Do you have a mink farm close by? In Vermont, the local mink farm would come get our downed livestock free to feed to their animals. Some wildlife rehab/rescue agencies will also take the carcass.


----------



## ErinP (Aug 23, 2007)

We've lived/worked on 10 ranches in 2 states. Family, friends, neighbors... 
_Every_one with livestock has a dead pile. :shrug:


----------



## randiliana (Feb 22, 2008)

Same thing up here, we dispose of our dead stock in an open pit if they die around our yard or if they have to be moved. Otherwise we will just leave them where they fall. 

But there are laws in some States/Provinces on how you may dispose of dead livestock. A dead pile, burying, burning etc may or may not be legal where you live. I like the suggestion of cutting her up and feeding to your dogs, or selling/giving it to someone who wants RAW meat for their dogs.


----------



## Jennifer L. (May 10, 2002)

If you can't snake her out with chains or a rope,she must be in a hole. I'd push the rest of the creek bank down on top of her and bury her that way.

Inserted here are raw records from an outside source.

(* Let $q$ be an odd prime power, $m\geq 2$ and $n=\frac{q^m+1}{2}$. Then the negacyclic BCH code $\mathcal{C}_{(q,n,2,0)}$, whose generator polynomial is $\mathbb{M}_{\beta}(x)$, has parameters $[n,n-2m,d]$, where $d=5$ if $q=3$; $d=3$ if $m$ is odd and $q>3$; and $d=4$ if $m$ is even and $q>3$.
   Context: Let $\ell$ be the order of $q$ modulo $2n$, $\alpha$ a primitive element of $\mathrm{GF}(q^\ell)$, $\beta=\alpha^{(q^\ell-1)/(2n)}$ (a primitive $2n$-th root of unity), and $\mathbb{M}_{\beta}(x)$ the minimal polynomial of $\beta$ over $\mathrm{GF}(q)$. $\mathcal{C}_{(q,n,2,0)}$ is the negacyclic code of length $n$ over $\mathrm{GF}(q)$, i.e. the ideal of $\mathrm{GF}(q)[x]/(x^n+1)$ generated by $\mathbb{M}_{\beta}(x)$. Parameters $[n,k,d]$ are length, dimension, minimum Hamming distance. *)

theory Defs
  imports "HOL-Number_Theory.Number_Theory" "HOL-Computational_Algebra.Polynomial" "HOL-Library.Cardinality"
begin

text \<open>Field embedding of GF(q) (type 'a) into the extension field GF(q^l) (type 'b).\<close>
definition field_emb :: "('a::field \<Rightarrow> 'b::field) \<Rightarrow> bool" where
  "field_emb e \<longleftrightarrow> inj e \<and> e 0 = 0 \<and> e 1 = 1 \<and>
     (\<forall>x y. e (x + y) = e x + e y) \<and> (\<forall>x y. e (x * y) = e x * e y)"

definition min_poly :: "('a::field \<Rightarrow> 'b::field) \<Rightarrow> 'b \<Rightarrow> 'a poly" where
  "min_poly e b = (THE g. lead_coeff g = 1 \<and> poly (map_poly e g) b = 0 \<and>
      (\<forall>h. poly (map_poly e h) b = 0 \<longrightarrow> g dvd h))"

definition primitive_elem :: "'b::{field,finite} \<Rightarrow> bool" where
  "primitive_elem a \<longleftrightarrow> (\<forall>x. x \<noteq> 0 \<longrightarrow> (\<exists>k. x = a ^ k))"

text \<open>Negacyclic code of length n generated by g: the ideal generated by g in
  F[x]/(x^n+1), residues represented by their remainders of degree < n.\<close>
definition negacyclic_code :: "nat \<Rightarrow> 'a::field poly \<Rightarrow> 'a poly set" where
  "negacyclic_code n g = {(g * f) mod (monom 1 n + 1) | f. True}"

definition hamming_wt :: "nat \<Rightarrow> 'a::zero poly \<Rightarrow> nat" where
  "hamming_wt n c = card {i. i < n \<and> coeff c i \<noteq> 0}"

definition min_dist :: "nat \<Rightarrow> 'a::zero poly set \<Rightarrow> nat" where
  "min_dist n C = Min {hamming_wt n c | c. c \<in> C \<and> c \<noteq> 0}"

definition code_dim :: "'a::field poly set \<Rightarrow> nat" where
  "code_dim C = vector_space.dim (smult :: 'a \<Rightarrow> 'a poly \<Rightarrow> 'a poly) C"

end

(*
  The code consists of the polynomials of degree < n vanishing at beta, whose order is
  2n = q^m + 1.  Hence q has order 2m modulo 2n, the 2m conjugates beta^(q^i) are
  distinct, the minimal polynomial has degree 2m and the dimension is n - 2m.

  A codeword of weight w is a relation sum e(c_i) beta^i = 0 with w terms.  Applying
  the Frobenius x -> x^q, and x -> x^(q^m), which inverts every power of beta, and
  eliminating leads to (beta^i)^d = (beta^j)^d for some d dividing q^m - 1; as
  gcd(d, q^m + 1) divides 2, this forces i = j.  So weights 1 and 2 never occur,
  weight 3 only for odd m and q > 3, and weight 4 not for q = 3.  Conversely, there are
  more sparse polynomials of the relevant shape than elements of GF(q^2m) (or, for odd
  m, of the subfield GF(q^2) containing beta^((q^m+1)/(q+1))), so two of them agree at
  beta and their difference is a light codeword.
*)

theory Submission
  imports Defs
begin

section \<open>Finite fields\<close>

text \<open>The library's \<open>finite_field_power_card_eq_same\<close> needs the sort \<open>finite_field\<close>,
  which the fields of the theorem are not known to have.\<close>

lemma power_card_eq_self:
  fixes x :: "'c::{field,finite}"
  shows "x ^ CARD('c) = x"
proof (cases "x = 0")
  case False
  let ?U = "UNIV - {0::'c}"
  have "bij_betw ((*) x) ?U ?U"
    using False by (intro bij_betwI[where g = "\<lambda>y. y / x"]) auto
  then have "(\<Prod>y\<in>?U. x * y) = (\<Prod>y\<in>?U. y)"
    by (rule prod.reindex_bij_betw)
  then have "x ^ card ?U * (\<Prod>y\<in>?U. y) = 1 * (\<Prod>y\<in>?U. y)"
    by (simp add: prod.distrib)
  then have "x ^ card ?U = 1"
    by (subst (asm) mult_cancel_right) simp
  moreover have "CARD('c) = Suc (card ?U)"
    using finite_UNIV_card_ge_0[where 'a = 'c] by (simp add: card_Diff_subset)
  ultimately show ?thesis
    by (simp only: power_Suc mult_1_right)
qed (use finite_UNIV_card_ge_0[where 'a = 'c] in simp)

lemma power_card_power_eq_self:
  fixes x :: "'c::{field,finite}"
  shows "x ^ (CARD('c) ^ j) = x"
  by (induction j) (simp_all add: power_card_eq_self power_mult)

lemma CHAR_eq_if_card_eq_prime_power:
  assumes "prime p" "CARD('c::{field,finite}) = p ^ k"
  shows "CHAR('c) = p"
proof -
  have "prime CHAR('c)"
    by (simp add: finite_imp_CHAR_pos prime_CHAR_semidom)
  moreover have "CHAR('c) dvd p ^ k"
    using CHAR_dvd_CARD[where 'a = 'c] assms(2) by simp
  ultimately show ?thesis
    using assms(1) prime_dvd_power primes_dvd_imp_eq by blast
qed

I was talking to a neighbor the other day and he was telling me the rendering people want $80 to take a dead cow away now. That's nuts!

Jennifer

PS, sorry you lost a cow, that always stinks.


----------



## francismilker (Jan 12, 2006)

Hate to sound so lazy but you might just consider leaving her where she lays. (That is, unless you have a neighbor downstream that drinking the creekwater!) They might get a bit testy about drinking beef broth!!!! 
I actually had a calf get off in a pond and die a few years ago while I was away working. It worried my poor wife to death so I promised her I'd take care of it asap when I got home. By the time I got there (one week later) it was already pretty well decomposed. I think the water might speed it up a bit.


----------



## de Molay (Sep 23, 2006)

Do you have a yard for your calves? At night put your animals in a secure area and let the coyotes have her. I have never heard of Bobcats attacking livestock. Chickens maybe cows/calves noway. If her body is in an area were it will contaminate fresh running water, I would skid her out with a tractor.


----------



## 50calray (Feb 9, 2009)

Invite the whole clan over for a BBQ?

That or hire some group to come out and bury the critter if you can't.


----------